START Provided information
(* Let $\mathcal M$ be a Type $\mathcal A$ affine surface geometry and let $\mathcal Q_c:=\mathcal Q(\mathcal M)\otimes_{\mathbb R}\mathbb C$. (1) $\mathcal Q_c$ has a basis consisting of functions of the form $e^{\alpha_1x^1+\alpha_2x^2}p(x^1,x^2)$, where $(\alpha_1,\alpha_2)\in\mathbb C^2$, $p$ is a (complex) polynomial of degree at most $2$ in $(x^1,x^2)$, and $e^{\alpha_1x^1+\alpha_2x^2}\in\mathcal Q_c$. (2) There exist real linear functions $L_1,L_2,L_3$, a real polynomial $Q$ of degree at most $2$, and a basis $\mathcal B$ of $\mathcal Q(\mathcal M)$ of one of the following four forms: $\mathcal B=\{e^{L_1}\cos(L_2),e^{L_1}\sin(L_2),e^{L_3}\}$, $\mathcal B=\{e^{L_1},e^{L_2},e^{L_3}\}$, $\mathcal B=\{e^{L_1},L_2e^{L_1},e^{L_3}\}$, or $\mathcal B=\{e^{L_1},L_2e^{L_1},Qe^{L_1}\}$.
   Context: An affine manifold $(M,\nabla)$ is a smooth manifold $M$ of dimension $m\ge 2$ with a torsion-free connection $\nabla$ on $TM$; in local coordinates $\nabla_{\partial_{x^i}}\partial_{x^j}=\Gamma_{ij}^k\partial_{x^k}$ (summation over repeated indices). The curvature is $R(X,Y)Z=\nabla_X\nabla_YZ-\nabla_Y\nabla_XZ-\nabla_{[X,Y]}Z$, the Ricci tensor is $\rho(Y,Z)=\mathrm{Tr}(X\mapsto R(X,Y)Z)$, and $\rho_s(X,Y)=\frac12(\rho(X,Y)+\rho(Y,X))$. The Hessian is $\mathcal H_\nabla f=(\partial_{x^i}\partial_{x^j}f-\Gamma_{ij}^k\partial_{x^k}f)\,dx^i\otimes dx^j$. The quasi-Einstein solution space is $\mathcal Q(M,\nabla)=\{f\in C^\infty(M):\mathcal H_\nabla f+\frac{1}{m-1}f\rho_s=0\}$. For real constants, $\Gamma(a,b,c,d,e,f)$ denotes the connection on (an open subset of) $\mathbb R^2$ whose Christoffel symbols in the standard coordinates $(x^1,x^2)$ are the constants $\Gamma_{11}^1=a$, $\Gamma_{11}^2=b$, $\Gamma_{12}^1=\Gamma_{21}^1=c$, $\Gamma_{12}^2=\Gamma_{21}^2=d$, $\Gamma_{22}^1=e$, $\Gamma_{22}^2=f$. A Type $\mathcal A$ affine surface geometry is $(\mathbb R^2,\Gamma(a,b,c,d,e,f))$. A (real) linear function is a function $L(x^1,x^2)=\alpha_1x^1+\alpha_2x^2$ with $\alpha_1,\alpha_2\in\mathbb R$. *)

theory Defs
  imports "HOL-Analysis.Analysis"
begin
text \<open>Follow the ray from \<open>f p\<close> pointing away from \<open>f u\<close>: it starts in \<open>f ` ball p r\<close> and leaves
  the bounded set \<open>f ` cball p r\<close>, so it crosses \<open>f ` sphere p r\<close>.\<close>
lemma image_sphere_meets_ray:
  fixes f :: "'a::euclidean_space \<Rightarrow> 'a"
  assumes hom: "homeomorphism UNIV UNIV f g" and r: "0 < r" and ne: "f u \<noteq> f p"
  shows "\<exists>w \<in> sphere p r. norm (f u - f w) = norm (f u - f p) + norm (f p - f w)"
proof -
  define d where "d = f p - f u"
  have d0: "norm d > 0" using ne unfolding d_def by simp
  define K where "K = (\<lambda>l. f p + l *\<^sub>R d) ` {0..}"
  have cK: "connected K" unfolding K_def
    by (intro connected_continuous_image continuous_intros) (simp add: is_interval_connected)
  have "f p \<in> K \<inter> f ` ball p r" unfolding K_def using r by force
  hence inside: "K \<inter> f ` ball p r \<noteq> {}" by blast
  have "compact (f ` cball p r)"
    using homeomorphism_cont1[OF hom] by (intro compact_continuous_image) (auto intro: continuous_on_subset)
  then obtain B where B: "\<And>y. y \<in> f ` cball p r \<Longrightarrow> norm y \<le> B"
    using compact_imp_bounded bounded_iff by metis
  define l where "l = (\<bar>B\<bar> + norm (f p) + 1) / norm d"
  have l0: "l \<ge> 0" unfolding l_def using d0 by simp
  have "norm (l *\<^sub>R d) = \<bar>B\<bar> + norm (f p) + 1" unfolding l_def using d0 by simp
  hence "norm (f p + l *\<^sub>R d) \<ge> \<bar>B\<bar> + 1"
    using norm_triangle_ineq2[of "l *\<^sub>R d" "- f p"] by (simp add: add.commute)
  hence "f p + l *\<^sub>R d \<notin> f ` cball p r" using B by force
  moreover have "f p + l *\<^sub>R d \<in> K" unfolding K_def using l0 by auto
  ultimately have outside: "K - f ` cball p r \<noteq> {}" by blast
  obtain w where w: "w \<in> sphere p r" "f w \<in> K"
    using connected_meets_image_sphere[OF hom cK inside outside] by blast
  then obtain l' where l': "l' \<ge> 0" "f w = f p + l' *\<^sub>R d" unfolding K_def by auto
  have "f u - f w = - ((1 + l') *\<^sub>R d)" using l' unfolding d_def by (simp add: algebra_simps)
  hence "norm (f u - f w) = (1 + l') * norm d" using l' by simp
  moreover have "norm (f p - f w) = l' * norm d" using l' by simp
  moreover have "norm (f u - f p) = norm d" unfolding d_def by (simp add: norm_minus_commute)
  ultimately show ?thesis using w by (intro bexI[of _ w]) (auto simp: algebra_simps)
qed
END Provided information
Extract every line from the one with "(1 + l') * norm" down to the final line above, both included, exactly as written.

  hence "norm (f u - f w) = (1 + l') * norm d" using l' by simp
  moreover have "norm (f p - f w) = l' * norm d" using l' by simp
  moreover have "norm (f u - f p) = norm d" unfolding d_def by (simp add: norm_minus_commute)
  ultimately show ?thesis using w by (intro bexI[of _ w]) (auto simp: algebra_simps)
qed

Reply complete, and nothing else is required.